Task details:
Your answer is one number: the count of lines below that hold the word "imports".

====

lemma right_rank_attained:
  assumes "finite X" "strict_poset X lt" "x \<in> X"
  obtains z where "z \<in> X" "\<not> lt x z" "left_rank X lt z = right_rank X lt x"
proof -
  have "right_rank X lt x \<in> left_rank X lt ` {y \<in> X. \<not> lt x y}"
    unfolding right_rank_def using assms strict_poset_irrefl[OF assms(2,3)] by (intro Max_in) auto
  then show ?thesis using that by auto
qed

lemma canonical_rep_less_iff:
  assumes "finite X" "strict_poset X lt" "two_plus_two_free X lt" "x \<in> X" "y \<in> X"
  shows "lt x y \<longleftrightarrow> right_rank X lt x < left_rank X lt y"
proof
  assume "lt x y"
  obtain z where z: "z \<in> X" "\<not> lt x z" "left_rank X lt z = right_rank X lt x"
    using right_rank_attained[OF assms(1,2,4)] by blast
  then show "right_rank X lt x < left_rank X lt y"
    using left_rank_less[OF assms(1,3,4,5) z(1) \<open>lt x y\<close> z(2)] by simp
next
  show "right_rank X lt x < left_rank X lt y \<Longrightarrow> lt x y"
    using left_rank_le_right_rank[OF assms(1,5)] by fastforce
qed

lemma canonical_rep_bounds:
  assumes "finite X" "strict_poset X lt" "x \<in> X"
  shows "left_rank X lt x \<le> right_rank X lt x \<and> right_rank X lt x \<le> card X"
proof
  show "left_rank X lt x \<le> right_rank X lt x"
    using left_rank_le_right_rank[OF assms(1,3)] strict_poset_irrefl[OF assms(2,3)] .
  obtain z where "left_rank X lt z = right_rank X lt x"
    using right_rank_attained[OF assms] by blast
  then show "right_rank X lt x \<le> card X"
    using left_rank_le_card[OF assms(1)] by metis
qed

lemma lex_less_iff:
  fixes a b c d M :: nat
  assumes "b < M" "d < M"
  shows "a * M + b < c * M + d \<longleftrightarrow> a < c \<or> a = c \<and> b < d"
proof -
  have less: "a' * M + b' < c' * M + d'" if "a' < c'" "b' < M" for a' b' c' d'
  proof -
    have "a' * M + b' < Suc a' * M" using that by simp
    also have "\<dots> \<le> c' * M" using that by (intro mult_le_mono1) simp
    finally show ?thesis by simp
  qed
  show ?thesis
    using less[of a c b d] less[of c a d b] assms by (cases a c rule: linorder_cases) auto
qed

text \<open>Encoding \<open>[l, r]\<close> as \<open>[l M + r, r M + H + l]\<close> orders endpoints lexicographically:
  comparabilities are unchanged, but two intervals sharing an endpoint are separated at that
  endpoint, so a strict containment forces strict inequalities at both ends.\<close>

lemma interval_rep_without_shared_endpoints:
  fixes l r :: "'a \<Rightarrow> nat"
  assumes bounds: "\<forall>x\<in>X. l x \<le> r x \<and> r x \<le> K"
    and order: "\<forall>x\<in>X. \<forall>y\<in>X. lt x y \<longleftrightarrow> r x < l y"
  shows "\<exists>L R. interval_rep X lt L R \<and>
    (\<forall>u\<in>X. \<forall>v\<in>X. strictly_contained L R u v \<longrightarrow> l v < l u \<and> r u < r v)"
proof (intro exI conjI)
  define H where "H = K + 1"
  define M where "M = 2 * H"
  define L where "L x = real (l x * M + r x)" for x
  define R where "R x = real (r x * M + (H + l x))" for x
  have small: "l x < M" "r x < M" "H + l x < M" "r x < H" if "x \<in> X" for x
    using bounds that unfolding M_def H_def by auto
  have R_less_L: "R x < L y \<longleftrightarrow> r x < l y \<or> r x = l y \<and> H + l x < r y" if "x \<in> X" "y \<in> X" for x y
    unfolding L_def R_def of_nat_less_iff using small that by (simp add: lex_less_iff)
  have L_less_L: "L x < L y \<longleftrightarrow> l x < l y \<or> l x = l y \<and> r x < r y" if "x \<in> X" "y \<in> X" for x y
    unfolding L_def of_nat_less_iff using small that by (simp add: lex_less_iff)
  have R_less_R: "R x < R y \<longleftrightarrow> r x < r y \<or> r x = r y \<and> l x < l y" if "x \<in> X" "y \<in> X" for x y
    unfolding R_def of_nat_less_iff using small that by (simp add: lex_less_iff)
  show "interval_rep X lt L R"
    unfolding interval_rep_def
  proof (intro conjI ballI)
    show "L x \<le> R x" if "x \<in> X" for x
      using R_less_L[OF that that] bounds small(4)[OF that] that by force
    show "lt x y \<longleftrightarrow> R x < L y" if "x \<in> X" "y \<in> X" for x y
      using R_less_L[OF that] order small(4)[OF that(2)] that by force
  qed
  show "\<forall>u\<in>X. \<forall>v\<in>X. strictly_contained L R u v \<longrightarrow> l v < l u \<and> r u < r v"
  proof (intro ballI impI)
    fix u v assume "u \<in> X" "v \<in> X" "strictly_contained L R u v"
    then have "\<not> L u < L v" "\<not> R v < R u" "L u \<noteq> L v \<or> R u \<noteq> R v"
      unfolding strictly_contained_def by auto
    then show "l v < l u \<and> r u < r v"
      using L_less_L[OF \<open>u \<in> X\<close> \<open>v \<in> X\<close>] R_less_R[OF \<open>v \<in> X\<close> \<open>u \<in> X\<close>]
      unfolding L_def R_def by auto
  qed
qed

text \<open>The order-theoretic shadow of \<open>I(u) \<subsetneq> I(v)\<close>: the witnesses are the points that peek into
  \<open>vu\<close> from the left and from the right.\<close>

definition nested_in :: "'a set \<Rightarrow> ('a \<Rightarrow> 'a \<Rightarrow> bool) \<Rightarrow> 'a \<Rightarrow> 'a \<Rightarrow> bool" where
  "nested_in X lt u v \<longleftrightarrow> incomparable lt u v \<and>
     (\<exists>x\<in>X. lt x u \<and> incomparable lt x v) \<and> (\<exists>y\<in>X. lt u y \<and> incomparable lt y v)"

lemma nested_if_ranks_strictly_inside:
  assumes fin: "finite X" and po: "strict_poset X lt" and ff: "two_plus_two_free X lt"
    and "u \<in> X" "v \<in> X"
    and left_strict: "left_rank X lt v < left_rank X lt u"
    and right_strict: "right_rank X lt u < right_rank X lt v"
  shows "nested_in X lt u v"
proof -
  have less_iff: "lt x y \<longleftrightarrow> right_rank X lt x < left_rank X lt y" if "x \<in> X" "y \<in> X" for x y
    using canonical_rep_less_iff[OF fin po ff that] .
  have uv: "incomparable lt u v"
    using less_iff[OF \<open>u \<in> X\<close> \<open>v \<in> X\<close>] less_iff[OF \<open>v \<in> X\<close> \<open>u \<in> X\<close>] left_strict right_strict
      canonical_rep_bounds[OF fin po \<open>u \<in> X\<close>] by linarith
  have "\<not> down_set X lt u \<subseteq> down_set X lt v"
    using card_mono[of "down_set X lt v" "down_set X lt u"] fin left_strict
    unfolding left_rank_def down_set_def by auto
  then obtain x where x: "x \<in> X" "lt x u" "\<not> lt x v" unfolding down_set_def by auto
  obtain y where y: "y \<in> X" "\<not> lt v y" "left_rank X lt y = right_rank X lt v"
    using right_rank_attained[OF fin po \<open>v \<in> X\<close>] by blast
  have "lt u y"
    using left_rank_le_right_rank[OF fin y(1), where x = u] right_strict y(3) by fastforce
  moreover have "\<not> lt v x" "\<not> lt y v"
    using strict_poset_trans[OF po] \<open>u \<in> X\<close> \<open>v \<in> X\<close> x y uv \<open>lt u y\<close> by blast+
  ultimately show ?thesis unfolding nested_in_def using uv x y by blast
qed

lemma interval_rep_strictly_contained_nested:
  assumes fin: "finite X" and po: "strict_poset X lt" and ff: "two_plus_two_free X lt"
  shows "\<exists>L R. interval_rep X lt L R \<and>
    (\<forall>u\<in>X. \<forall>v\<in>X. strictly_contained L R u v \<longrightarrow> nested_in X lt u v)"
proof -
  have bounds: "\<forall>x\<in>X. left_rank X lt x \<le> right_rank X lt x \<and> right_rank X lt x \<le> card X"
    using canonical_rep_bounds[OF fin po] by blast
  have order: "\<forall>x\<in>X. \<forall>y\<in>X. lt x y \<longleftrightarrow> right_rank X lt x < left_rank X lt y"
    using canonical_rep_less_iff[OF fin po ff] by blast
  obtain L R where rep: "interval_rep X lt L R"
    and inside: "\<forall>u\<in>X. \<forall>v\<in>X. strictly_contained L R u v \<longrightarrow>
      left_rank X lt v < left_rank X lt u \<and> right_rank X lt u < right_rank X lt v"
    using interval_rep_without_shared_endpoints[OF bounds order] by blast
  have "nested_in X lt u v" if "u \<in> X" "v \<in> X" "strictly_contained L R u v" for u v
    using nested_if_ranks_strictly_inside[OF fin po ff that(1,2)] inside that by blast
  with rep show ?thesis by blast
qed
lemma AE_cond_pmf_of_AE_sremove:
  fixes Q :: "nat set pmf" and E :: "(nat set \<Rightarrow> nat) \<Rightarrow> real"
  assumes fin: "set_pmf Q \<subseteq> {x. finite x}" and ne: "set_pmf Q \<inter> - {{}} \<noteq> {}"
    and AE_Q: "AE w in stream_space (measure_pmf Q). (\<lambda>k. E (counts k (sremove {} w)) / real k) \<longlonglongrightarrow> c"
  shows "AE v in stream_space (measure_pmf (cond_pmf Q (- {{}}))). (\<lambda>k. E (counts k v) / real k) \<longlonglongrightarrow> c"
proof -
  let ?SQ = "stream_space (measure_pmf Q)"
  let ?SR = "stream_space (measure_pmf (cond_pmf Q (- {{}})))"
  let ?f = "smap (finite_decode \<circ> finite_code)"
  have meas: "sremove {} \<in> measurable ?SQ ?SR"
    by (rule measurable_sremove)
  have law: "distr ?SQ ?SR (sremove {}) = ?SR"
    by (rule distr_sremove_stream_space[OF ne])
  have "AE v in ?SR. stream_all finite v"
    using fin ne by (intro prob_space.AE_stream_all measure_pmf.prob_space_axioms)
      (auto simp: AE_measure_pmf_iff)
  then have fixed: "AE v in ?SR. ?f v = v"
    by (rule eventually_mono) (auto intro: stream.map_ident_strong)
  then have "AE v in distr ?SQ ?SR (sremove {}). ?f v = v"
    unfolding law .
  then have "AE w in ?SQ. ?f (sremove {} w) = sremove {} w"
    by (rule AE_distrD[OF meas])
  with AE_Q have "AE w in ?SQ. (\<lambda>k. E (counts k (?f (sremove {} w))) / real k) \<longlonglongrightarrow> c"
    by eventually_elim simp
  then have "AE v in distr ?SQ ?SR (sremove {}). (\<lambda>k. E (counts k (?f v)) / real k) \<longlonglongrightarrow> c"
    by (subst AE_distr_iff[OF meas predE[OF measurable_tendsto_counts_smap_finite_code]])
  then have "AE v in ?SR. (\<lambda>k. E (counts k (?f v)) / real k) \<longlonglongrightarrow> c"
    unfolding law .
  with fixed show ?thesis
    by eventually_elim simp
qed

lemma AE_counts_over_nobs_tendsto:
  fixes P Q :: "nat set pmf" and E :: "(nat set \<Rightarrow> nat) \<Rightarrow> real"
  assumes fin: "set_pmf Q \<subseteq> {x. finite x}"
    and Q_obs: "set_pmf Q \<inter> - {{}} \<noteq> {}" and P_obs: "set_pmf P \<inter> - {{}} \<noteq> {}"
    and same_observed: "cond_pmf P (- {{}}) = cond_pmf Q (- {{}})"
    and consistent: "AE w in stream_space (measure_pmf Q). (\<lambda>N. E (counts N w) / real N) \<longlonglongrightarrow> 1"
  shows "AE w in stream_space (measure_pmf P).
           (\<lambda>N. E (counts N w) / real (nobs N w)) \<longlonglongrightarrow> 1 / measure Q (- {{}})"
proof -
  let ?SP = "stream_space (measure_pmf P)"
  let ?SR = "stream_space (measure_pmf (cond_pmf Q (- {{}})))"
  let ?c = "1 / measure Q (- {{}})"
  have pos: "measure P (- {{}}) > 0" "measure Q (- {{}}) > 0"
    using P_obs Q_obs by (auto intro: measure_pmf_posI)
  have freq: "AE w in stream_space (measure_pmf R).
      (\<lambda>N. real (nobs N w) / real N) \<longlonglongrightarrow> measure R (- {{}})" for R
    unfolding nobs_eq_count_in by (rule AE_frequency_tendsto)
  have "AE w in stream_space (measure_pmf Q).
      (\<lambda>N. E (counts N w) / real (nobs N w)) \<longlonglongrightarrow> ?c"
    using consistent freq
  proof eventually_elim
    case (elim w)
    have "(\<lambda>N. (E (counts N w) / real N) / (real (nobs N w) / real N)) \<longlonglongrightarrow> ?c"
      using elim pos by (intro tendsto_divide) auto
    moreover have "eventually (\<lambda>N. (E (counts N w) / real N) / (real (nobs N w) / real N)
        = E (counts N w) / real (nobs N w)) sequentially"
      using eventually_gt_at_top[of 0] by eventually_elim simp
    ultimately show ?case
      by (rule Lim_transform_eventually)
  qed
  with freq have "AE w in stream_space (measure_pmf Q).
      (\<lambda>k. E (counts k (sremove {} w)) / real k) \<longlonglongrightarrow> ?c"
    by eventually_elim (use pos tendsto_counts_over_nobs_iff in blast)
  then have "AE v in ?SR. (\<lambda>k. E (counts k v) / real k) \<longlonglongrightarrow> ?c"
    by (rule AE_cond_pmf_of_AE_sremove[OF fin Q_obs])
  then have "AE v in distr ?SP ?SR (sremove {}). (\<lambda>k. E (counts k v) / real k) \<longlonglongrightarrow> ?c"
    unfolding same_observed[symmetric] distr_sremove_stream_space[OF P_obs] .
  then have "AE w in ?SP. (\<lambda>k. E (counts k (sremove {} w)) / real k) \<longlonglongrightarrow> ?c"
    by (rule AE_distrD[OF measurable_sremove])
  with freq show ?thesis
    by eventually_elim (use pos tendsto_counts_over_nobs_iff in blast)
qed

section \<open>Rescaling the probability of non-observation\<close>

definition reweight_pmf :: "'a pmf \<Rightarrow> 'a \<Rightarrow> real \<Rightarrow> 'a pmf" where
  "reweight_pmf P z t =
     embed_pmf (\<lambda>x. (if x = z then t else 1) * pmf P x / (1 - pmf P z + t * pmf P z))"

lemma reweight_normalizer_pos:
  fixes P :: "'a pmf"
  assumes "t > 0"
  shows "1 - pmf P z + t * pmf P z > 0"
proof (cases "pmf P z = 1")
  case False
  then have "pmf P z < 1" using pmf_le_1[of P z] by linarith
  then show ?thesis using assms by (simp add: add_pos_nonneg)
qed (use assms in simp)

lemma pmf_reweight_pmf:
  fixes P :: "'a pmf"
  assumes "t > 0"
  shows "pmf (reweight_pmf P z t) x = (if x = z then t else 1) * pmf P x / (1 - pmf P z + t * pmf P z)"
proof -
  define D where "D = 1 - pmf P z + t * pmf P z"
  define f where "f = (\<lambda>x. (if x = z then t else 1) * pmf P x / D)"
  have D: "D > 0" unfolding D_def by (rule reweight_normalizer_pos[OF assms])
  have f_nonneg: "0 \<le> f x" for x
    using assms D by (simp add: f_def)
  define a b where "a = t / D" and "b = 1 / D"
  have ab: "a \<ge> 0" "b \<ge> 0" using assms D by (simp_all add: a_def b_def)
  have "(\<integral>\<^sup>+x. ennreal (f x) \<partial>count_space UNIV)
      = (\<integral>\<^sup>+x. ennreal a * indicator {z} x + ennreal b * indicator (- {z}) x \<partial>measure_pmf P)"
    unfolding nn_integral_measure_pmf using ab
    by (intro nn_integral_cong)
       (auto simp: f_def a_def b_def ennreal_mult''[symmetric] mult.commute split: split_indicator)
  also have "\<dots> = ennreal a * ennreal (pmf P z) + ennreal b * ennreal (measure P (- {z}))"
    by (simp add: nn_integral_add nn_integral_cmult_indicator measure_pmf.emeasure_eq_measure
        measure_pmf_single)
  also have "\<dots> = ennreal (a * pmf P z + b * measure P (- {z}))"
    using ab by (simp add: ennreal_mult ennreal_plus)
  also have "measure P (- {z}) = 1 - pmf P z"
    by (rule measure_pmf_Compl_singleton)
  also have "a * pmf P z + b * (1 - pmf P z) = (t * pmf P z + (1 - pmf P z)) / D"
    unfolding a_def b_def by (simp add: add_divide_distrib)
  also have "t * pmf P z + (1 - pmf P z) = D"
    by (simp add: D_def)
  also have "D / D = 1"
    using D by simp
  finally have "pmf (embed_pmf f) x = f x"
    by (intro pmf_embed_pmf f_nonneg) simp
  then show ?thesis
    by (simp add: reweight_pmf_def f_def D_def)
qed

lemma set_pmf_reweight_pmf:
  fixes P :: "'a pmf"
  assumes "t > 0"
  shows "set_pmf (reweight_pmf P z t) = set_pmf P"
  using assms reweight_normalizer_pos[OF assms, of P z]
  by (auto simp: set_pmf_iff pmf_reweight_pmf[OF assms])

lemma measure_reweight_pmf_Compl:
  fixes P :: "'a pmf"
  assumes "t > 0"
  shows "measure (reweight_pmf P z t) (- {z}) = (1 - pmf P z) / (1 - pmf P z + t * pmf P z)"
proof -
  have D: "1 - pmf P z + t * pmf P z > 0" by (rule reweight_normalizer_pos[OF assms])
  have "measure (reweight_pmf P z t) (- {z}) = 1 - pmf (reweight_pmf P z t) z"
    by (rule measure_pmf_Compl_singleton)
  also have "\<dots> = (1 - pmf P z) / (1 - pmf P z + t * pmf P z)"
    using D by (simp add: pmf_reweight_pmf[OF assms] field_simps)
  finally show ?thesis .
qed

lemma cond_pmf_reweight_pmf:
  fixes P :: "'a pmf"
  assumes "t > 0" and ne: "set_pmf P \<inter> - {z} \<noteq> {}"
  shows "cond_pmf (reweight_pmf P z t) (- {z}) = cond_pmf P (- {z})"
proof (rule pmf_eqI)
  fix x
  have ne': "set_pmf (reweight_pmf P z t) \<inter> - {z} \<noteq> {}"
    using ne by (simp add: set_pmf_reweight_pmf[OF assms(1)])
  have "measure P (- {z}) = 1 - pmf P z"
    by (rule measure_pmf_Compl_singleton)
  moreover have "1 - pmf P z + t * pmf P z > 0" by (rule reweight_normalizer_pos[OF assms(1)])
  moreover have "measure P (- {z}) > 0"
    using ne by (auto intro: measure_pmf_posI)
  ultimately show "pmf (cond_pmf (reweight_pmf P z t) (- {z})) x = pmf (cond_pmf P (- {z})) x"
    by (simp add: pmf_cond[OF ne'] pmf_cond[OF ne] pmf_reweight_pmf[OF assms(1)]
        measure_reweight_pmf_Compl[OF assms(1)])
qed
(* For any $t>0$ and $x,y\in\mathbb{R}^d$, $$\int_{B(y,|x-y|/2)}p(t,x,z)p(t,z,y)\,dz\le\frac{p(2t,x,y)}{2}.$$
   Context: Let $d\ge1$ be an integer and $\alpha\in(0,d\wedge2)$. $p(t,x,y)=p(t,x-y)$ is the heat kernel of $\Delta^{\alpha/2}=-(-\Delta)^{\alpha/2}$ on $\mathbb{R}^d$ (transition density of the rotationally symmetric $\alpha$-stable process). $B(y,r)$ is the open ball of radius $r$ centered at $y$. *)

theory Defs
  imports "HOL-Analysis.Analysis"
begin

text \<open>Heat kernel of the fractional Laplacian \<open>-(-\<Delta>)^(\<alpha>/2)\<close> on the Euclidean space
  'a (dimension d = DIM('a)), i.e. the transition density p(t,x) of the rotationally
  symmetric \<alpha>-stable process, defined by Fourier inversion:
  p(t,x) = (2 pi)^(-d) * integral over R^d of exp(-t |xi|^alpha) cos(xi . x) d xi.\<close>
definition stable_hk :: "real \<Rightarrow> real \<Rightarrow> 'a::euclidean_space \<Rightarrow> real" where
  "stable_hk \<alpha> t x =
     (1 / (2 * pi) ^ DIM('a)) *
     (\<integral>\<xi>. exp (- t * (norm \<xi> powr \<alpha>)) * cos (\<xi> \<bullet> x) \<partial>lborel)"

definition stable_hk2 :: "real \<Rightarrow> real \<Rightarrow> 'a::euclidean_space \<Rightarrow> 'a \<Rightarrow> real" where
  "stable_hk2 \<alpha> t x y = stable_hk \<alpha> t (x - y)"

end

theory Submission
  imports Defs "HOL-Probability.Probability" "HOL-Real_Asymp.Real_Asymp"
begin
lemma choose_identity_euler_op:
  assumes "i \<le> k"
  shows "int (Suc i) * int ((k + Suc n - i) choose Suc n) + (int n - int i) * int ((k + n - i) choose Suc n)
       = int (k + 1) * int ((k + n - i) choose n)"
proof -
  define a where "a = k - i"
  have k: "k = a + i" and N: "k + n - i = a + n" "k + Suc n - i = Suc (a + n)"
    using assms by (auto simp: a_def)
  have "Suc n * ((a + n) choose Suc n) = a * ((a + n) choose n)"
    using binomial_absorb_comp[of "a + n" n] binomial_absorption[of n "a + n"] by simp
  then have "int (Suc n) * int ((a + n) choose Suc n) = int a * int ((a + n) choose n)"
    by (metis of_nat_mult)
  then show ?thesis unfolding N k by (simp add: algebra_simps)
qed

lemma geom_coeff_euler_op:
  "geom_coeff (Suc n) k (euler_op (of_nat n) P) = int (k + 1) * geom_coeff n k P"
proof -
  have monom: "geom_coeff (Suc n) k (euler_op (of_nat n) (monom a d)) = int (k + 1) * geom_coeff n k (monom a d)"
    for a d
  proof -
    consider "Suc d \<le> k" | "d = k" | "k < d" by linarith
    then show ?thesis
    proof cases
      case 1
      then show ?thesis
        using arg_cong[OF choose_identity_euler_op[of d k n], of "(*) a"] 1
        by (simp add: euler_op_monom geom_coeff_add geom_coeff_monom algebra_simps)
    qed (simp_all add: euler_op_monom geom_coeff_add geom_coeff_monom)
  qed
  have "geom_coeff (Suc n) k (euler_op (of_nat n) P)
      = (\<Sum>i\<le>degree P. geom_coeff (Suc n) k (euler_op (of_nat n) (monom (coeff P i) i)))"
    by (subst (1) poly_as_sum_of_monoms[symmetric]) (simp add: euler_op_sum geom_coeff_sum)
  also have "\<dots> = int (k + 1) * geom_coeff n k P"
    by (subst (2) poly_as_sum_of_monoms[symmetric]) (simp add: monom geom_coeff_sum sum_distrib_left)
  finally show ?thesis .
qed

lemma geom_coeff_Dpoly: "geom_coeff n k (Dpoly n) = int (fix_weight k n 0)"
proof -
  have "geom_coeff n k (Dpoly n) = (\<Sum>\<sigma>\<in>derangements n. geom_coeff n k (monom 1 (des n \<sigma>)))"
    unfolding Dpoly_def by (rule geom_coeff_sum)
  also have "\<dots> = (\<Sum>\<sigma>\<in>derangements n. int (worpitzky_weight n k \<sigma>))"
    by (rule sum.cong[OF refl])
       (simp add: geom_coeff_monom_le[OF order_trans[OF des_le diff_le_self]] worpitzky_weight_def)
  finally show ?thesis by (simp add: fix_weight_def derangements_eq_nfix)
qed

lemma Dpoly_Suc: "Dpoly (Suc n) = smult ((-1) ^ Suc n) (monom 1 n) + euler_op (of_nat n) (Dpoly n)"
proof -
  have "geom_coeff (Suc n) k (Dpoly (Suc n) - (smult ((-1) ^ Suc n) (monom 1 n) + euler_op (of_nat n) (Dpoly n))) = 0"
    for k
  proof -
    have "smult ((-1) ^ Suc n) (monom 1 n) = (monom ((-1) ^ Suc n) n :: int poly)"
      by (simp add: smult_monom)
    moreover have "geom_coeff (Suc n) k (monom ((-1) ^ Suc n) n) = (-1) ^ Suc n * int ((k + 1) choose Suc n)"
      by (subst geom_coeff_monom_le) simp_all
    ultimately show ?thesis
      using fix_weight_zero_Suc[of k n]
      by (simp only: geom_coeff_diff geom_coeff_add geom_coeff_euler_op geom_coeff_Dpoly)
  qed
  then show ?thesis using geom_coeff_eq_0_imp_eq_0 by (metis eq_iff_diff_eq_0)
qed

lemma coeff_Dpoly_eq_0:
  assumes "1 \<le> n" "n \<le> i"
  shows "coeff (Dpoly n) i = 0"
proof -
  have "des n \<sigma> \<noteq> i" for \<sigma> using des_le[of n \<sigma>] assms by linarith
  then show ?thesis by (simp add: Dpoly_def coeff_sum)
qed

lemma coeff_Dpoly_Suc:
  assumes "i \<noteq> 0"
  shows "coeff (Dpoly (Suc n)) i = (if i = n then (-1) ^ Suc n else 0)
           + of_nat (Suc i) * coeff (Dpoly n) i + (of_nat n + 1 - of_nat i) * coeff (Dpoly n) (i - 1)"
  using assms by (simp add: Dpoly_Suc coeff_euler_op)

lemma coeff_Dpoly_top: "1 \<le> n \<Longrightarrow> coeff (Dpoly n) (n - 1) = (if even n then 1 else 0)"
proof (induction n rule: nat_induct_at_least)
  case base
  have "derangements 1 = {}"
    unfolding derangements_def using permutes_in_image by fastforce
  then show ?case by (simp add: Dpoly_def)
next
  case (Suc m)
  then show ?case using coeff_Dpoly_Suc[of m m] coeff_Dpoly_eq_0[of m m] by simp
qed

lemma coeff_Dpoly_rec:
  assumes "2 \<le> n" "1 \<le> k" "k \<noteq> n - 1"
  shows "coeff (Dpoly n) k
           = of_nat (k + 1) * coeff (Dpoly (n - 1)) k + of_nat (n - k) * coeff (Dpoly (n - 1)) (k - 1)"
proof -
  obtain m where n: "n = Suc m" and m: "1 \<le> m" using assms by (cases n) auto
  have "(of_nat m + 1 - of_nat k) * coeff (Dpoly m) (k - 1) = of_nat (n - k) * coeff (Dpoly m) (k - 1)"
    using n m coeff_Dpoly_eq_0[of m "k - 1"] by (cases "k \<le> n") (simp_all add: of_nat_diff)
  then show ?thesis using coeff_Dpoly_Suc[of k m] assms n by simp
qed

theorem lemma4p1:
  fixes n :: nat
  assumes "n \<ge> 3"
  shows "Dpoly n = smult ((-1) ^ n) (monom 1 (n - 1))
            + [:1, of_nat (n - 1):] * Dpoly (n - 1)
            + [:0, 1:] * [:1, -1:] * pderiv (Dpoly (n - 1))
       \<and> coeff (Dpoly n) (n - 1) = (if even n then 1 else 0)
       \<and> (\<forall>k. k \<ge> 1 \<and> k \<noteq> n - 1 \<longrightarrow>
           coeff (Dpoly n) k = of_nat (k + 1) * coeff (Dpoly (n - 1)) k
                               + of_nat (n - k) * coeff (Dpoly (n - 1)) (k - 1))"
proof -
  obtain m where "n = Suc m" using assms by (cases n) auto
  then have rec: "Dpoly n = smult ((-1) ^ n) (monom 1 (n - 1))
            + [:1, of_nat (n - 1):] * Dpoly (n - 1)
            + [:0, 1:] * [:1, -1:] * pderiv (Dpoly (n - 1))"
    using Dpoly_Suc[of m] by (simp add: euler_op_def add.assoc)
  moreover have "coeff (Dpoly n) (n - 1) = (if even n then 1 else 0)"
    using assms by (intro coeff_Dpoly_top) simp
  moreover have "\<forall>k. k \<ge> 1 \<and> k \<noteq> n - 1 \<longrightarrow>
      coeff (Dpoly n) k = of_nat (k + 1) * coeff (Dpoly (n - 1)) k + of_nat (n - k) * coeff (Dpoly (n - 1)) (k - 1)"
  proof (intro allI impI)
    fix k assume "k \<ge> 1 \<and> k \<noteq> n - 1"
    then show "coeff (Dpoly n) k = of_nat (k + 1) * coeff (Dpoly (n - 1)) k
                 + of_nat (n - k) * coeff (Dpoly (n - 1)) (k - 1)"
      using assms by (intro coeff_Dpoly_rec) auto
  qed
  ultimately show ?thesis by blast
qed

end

====

Completed exercise:
2